Text: Jeremiah 36:24
OT Text Referred to: 2 Kings 22:11
Subject: not tearing clothes
Source: Treasury of Scripture Knowledge
Reference Type: Allusion
Connection Method(s): Contrast
Significance: These two texts present a deliberate contrast in royal responses to prophetic scrolls. When Josiah heard the words of the Book of the Law, "he tore his robes" (קָרַע אֶת־בְּגָדָיו, qara et-begadav) in anguished repentance (2 Kgs 22:11). By contrast, Jeremiah 36:24 reports that when Jehoiakim and his officials heard Jeremiah's scroll read, "they were not afraid, nor did they tear their garments" (וְלֹא קָרְעוּ אֶת־בִּגְדֵיהֶם, velo qare'u et-bigdeihem). The verbal echo — using the identical phrase with the negative particle — creates a stark generational contrast: the godly father (Josiah) tore his robes in penitent fear, while his wicked son (Jehoiakim) cut up the scroll and burned it piece by piece. This deliberate literary contrast crystallizes the trajectory from Josiah's reformation to Jehoiakim's rebellion that sealed Judah's doom.
Consolidated 2026-06-09 per the later-text → earlier-text canonical-direction ruling (Full Corpus Audit, Phase 0). The content below is preserved verbatim from the deleted file "2 Kings 22.11 to Jeremiah 36.24"; fold unique material into the Significance during the Phase 3 IP audit, then remove this section.
Text: 2 Kings 22:11
OT Text Referred to: Jeremiah 36:24
Subject: tearing clothes
Source: Treasury of Scripture Knowledge
Reference Type: Allusion
Connection Method(s): Contrast
Significance: In 2 Kings 22:11, when Josiah hears the words of the Book of the Law, "he tore his robes" (וַיִּקְרַע אֶת־בְּגָדָיו, vayyiqra' 'et begadav) — a sign of profound grief and repentance.
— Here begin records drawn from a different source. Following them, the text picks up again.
(* Let $n\ge 6$ and $0\le \tau\le n-5$, and let $\Gamma_{n,\tau}$ be the signed graph defined in the context. Then: (i) $\lambda_1(\Gamma_{n,\tau})\le \lambda_1(\Gamma_{n,0})=\lambda_1(\Gamma_{n,n-5})$, with equality if and only if $\tau\in\{0,n-5\}$; (ii) $\lambda_1(\Gamma_{n,0})>n-4$, and $\lambda_1(\Gamma_{n,0})$ equals the largest root of $\lambda^3-(n-6)\lambda^2-3(n-4)\lambda-n+3=0$.
   Context: A signed graph is a simple graph whose edges carry signs $\pm1$; its adjacency matrix has entry $\sigma(uv)$ for adjacent $u,v$ and $0$ otherwise, and $\lambda_1(\cdot)$ denotes the largest eigenvalue of this matrix. For integers $n\ge 6$ and $0\le\tau\le n-5$, $\Gamma_{n,\tau}$ is the signed graph with vertex set $\{v_1,v_2,v_3,v_5\}\cup X\cup Y$ (disjoint union), where $|X|=\tau$, $|Y|=n-4-\tau$, and $v_4\in Y$, whose edges are: $v_1v_2$ (the only negative edge); $v_2v_3$; $v_1v_5$; $v_1x$ for all $x\in X$; $v_5x$ for all $x\in X$; $v_5y$ and $v_3y$ for all $y\in Y$; and all edges among vertices of $X\cup Y$ (so $X\cup Y$ induces a complete graph). There are no other edges; in particular $v_2$ has degree $2$, $v_1$ has degree $\tau+2$, $v_3v_5$ is not an edge, and $v_1v_2v_3v_4v_5v_1$ is an induced cycle. All edges other than $v_1v_2$ are positive. *)

theory Defs
  imports "Jordan_Normal_Form.Char_Poly"
begin

(* Largest eigenvalue of a real square matrix (for the symmetric adjacency
   matrices below all eigenvalues are real). *)
definition lambda1 :: "real mat \<Rightarrow> real" where
  "lambda1 A = Max {k. eigenvalue A k}"

(* Vertex labelling of Gamma_{n,tau} on {0..<n}:
   v1 = 0, v2 = 1, v3 = 2, v5 = 3,
   X = {4 ..< 4+tau}, Y = {4+tau ..< n}  (v4 is any element of Y). *)
definition Gam_sign :: "nat \<Rightarrow> nat \<Rightarrow> nat \<Rightarrow> nat \<Rightarrow> real" where
  "Gam_sign n \<tau> i j =
    (let inX = (\<lambda>x. 4 \<le> x \<and> x < 4 + \<tau>);
         inY = (\<lambda>y. 4 + \<tau> \<le> y \<and> y < n);
         inXY = (\<lambda>z. 4 \<le> z \<and> z < n);
         adj = (\<lambda>a b. (a = 0 \<and> b = 1) \<or> (a = 1 \<and> b = 2) \<or> (a = 0 \<and> b = 3)
                     \<or> (a = 0 \<and> inX b) \<or> (a = 3 \<and> inX b)
                     \<or> (a = 3 \<and> inY b) \<or> (a = 2 \<and> inY b)
                     \<or> (inXY a \<and> inXY b \<and> a \<noteq> b))
     in if {i, j} = {0, 1} then -1
        else if adj i j \<or> adj j i then 1 else 0)"

definition Gamma_mat :: "nat \<Rightarrow> nat \<Rightarrow> real mat" where
  "Gamma_mat n \<tau> = mat n n (\<lambda>(i, j). Gam_sign n \<tau> i j)"

end

theory Submission
  imports Defs "Jordan_Normal_Form.Spectral_Radius"
begin

(* For k <> -1 an eigenvector of Gamma_{n,tau} is constant on X and on Y, since (k + 1) times
   its value at a vertex of X (resp. Y) is a sum that does not depend on the vertex. So the
   eigenvalues k <> -1 are the eigenvalues of the 6 x 6 quotient matrix of the partition
   {v1}, {v2}, {v3}, {v5}, X, Y, i.e. the roots of
     (k + 1) (k^2 - k - 1) f(k) + tau (n - 5 - tau) k (k + 1) (2k + 1),
   where f is the cubic of the statement. For tau in {0, n - 5} the second term vanishes and
   lambda1 is the largest root of f, which exceeds n - 4 because f(n - 4) < 0. Otherwise the
   second term is positive for k > 0, while the first one is non-negative beyond the largest
   root of f, so no eigenvalue reaches it. *)

lemma finite_eigenvalues:
  fixes A :: "real mat"
  assumes "A \<in> carrier_mat m m"
  shows "finite {k. eigenvalue A k}"
  using card_finite_spectrum(1)[OF assms] unfolding spectrum_def by simp

lemma eigenvalue_le_lambda1:
  fixes A :: "real mat"
  assumes "A \<in> carrier_mat m m" and "eigenvalue A k"
  shows "k \<le> lambda1 A"
  unfolding lambda1_def using finite_eigenvalues[OF assms(1)] assms(2) by simp

lemma eigenvalue_lambda1:
  fixes A :: "real mat"
  assumes "A \<in> carrier_mat m m" and "eigenvalue A k"
  shows "eigenvalue A (lambda1 A)"
  unfolding lambda1_def using Max_in[OF finite_eigenvalues[OF assms(1)]] assms(2) by auto

(* Q (a, b, c, d, x, y) = k (a, b, c, d, x, y) for the quotient matrix Q of the equitable
   partition {v1}, {v2}, {v3}, {v5}, X, Y with |X| = t and |Y| = s; x and y are the common
   values of an eigenvector on X and on Y. *)
definition quotient_eigen ::
    "real \<Rightarrow> real \<Rightarrow> real \<Rightarrow> real \<Rightarrow> real \<Rightarrow> real \<Rightarrow> real \<Rightarrow> real \<Rightarrow> real \<Rightarrow> bool" where
  "quotient_eigen t s k a b c d x y \<longleftrightarrow>
     k * a = - b + d + t * x \<and> k * b = - a + c \<and> k * c = b + s * y \<and>
     k * d = a + t * x + s * y \<and> k * x = a + d + (t - 1) * x + s * y \<and>
     k * y = c + d + t * x + (s - 1) * y"

(* det (k I - Q), factored so as to isolate the term that vanishes for t = 0 and for s = 1. *)
definition quotient_charpoly :: "real \<Rightarrow> real \<Rightarrow> real \<Rightarrow> real" where
  "quotient_charpoly k t s =
     (k + 1) * (k ^ 3 - (t + s - 2) * k\<^sup>2 - 3 * (t + s) * k - (t + s) - 1) * (k\<^sup>2 - k - 1)
     + t * (s - 1) * k * (k + 1) * (2 * k + 1)"

(* Cramer's rule: the multipliers of the residuals r0, ..., r5 below are the rows of adj (k I - Q). *)
lemma quotient_eigen_trivial:
  assumes eig: "quotient_eigen t s k a b c d x y" and P: "quotient_charpoly k t s \<noteq> 0"
  shows "a = 0 \<and> b = 0 \<and> c = 0 \<and> d = 0 \<and> x = 0 \<and> y = 0"
proof -
  define r0 where "r0 = k * a - (- b + d + t * x)"
  define r1 where "r1 = k * b - (- a + c)"
  define r2 where "r2 = k * c - (b + s * y)"
  define r3 where "r3 = k * d - (a + t * x + s * y)"
  define r4 where "r4 = k * x - (a + d + (t - 1) * x + s * y)"
  define r5 where "r5 = k * y - (c + d + t * x + (s - 1) * y)"
  have r: "r0 = 0" "r1 = 0" "r2 = 0" "r3 = 0" "r4 = 0" "r5 = 0"
    using eig by (simp_all add: quotient_eigen_def r0_def r1_def r2_def r3_def r4_def r5_def)
  let ?P = "quotient_charpoly k t s"
  note defs = quotient_charpoly_def r0_def r1_def r2_def r3_def r4_def r5_def
  have "?P * a =
      (k^5 - k^4*t - k^4*s + 2*k^4 - 2*k^3*t - 3*k^3*s + k^2*t*s - k^2*s - 2*k^2 + k*t*s + 2*k*t + 2*k*s - k + t + s) * r0
    + (- (k^4) + k^3*t + k^3*s - 2*k^3 + 2*k^2*t + 3*k^2*s - k^2 + k*t + 3*k*s + s) * r1
    + (- (k^3) + k^2*t*s + k^2*t + 2*k^2*s - 2*k^2 + k*t*s + 2*k*t + 3*k*s - k + t + s) * r2
    + (k^4 - k^3*s + 2*k^3 - 2*k^2*s - k*s - 2*k - 1) * r3
    + (k^4*t - k^3*t*s + 2*k^3*t - 2*k^2*t*s - k*t*s - 2*k*t - t) * r4
    + (k^3*t*s + k^3*s + k^2*t*s - 2*k*s - s) * r5"
    unfolding defs by (simp add: algebra_simps eval_nat_numeral)
  moreover have "?P * b =
      (- (k^4) + k^3*t + k^3*s - 2*k^3 + 2*k^2*t + 3*k^2*s - k^2 + k*t + 3*k*s + s) * r0
    + (k^5 - k^4*t - k^4*s + 2*k^4 - 3*k^3*t - 3*k^3*s + 2*k^2*t*s - 3*k^2*t - k^2*s - 2*k^2 + 3*k*t*s - k*t + 2*k*s - k + t*s + s) * r1
    + (k^4 - k^3*t - k^3*s + 2*k^3 - 3*k^2*t - 2*k^2*s - 3*k*t - k*s - 2*k - t - 1) * r2
    + (- (k^3) + 2*k^2*s - 2*k^2 + 3*k*s - k + s) * r3
    + (- (k^3)*t + 2*k^2*t*s - 2*k^2*t + 3*k*t*s - k*t + t*s) * r4
    + (k^3*s - 2*k^2*t*s - 3*k*t*s - 2*k*s - t*s - s) * r5"
    unfolding defs by (simp add: algebra_simps eval_nat_numeral)
  moreover have "?P * c =
      (- (k^3) + k^2*t*s + k^2*t + 2*k^2*s - 2*k^2 + k*t*s + 2*k*t + 3*k*s - k + t + s) * r0
    + (k^4 - k^3*t - k^3*s + 2*k^3 - 3*k^2*t - 2*k^2*s - 3*k*t - k*s - 2*k - t - 1) * r1
    + (k^5 - k^4*t - k^4*s + 2*k^4 - 3*k^3*t - 2*k^3*s - k^3 + k^2*t*s - 2*k^2*t + k^2*s - 4*k^2 + k*t*s + k*t + 3*k*s - 2*k + t + s) * r2
    + (k^3*s + k^2*s - k^2 - 2*k - 1) * r3
    + (k^3*t*s + k^2*t*s - k^2*t - 2*k*t - t) * r4
    + (k^4*s - k^3*t*s + k^3*s - 2*k^2*t*s - 2*k^2*s - k*t*s - 3*k*s - s) * r5"
    unfolding defs by (simp add: algebra_simps eval_nat_numeral)
  moreover have "?P * d =
      (k^4 - k^3*s + 2*k^3 - 2*k^2*s - k*s - 2*k - 1) * r0
    + (- (k^3) + 2*k^2*s - 2*k^2 + 3*k*s - k + s) * r1
    + (k^3*s + k^2*s - k^2 - 2*k - 1) * r2
    + (k^5 - k^4*t - k^4*s + 2*k^4 - 2*k^3*t - 2*k^3*s - k^3 + 2*k^2*t*s + k^2*t + k^2*s - 4*k^2 + k*t*s + 3*k*t + 3*k*s - 2*k + t + s) * r3
    + (k^4*t + 2*k^3*t - 2*k^2*t*s - k^2*t - k*t*s - 3*k*t - t) * r4
    + (k^4*s + k^3*s - 2*k^2*s - 3*k*s - s) * r5"
    unfolding defs by (simp add: algebra_simps eval_nat_numeral)
  moreover have "?P * x =
      (k^4 - k^3*s + 2*k^3 - 2*k^2*s - k*s - 2*k - 1) * r0
    + (- (k^3) + 2*k^2*s - 2*k^2 + 3*k*s - k + s) * r1
    + (k^3*s + k^2*s - k^2 - 2*k - 1) * r2
    + (k^4 + 2*k^3 - 2*k^2*s - k^2 - k*s - 3*k - 1) * r3
    + (k^5 - k^4*s + k^4 - 2*k^3*s - 3*k^3 + 3*k^2*s - 3*k^2 + 4*k*s + k + s + 1) * r4
    + (k^4*s + k^3*s - 2*k^2*s - 3*k*s - s) * r5"
    unfolding defs by (simp add: algebra_simps eval_nat_numeral)
  moreover have "?P * y =
      (k^3*t + k^3 + k^2*t - 2*k - 1) * r0
    + (k^3 - 2*k^2*t - 3*k*t - 2*k - t - 1) * r1
    + (k^4 - k^3*t + k^3 - 2*k^2*t - 2*k^2 - k*t - 3*k - 1) * r2
    + (k^4 + k^3 - 2*k^2 - 3*k - 1) * r3
    + (k^4*t + k^3*t - 2*k^2*t - 3*k*t - t) * r4
    + (k^5 - k^4*t + k^4 - 2*k^3*t - 3*k^3 + k^2*t - 3*k^2 + 3*k*t + k + t + 1) * r5"
    unfolding defs by (simp add: algebra_simps eval_nat_numeral)
  ultimately show ?thesis
    using P unfolding r by simp
qed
Jeremiah 36:24 presents the stark contrast: when King Jehoiakim heard the scroll of Jeremiah's prophecies, "the king and all his servants who heard all these words were not afraid, nor did they tear their garments" (לֹא פָחֲדוּ וְלֹא קָרְעוּ אֶת־בִּגְדֵיהֶם). The verbal echo of garment-tearing (or its absence) creates a deliberate contrast between two kings' responses to God's word — Josiah's repentance versus Jehoiakim's contempt, which culminated in Jehoiakim cutting and burning the scroll.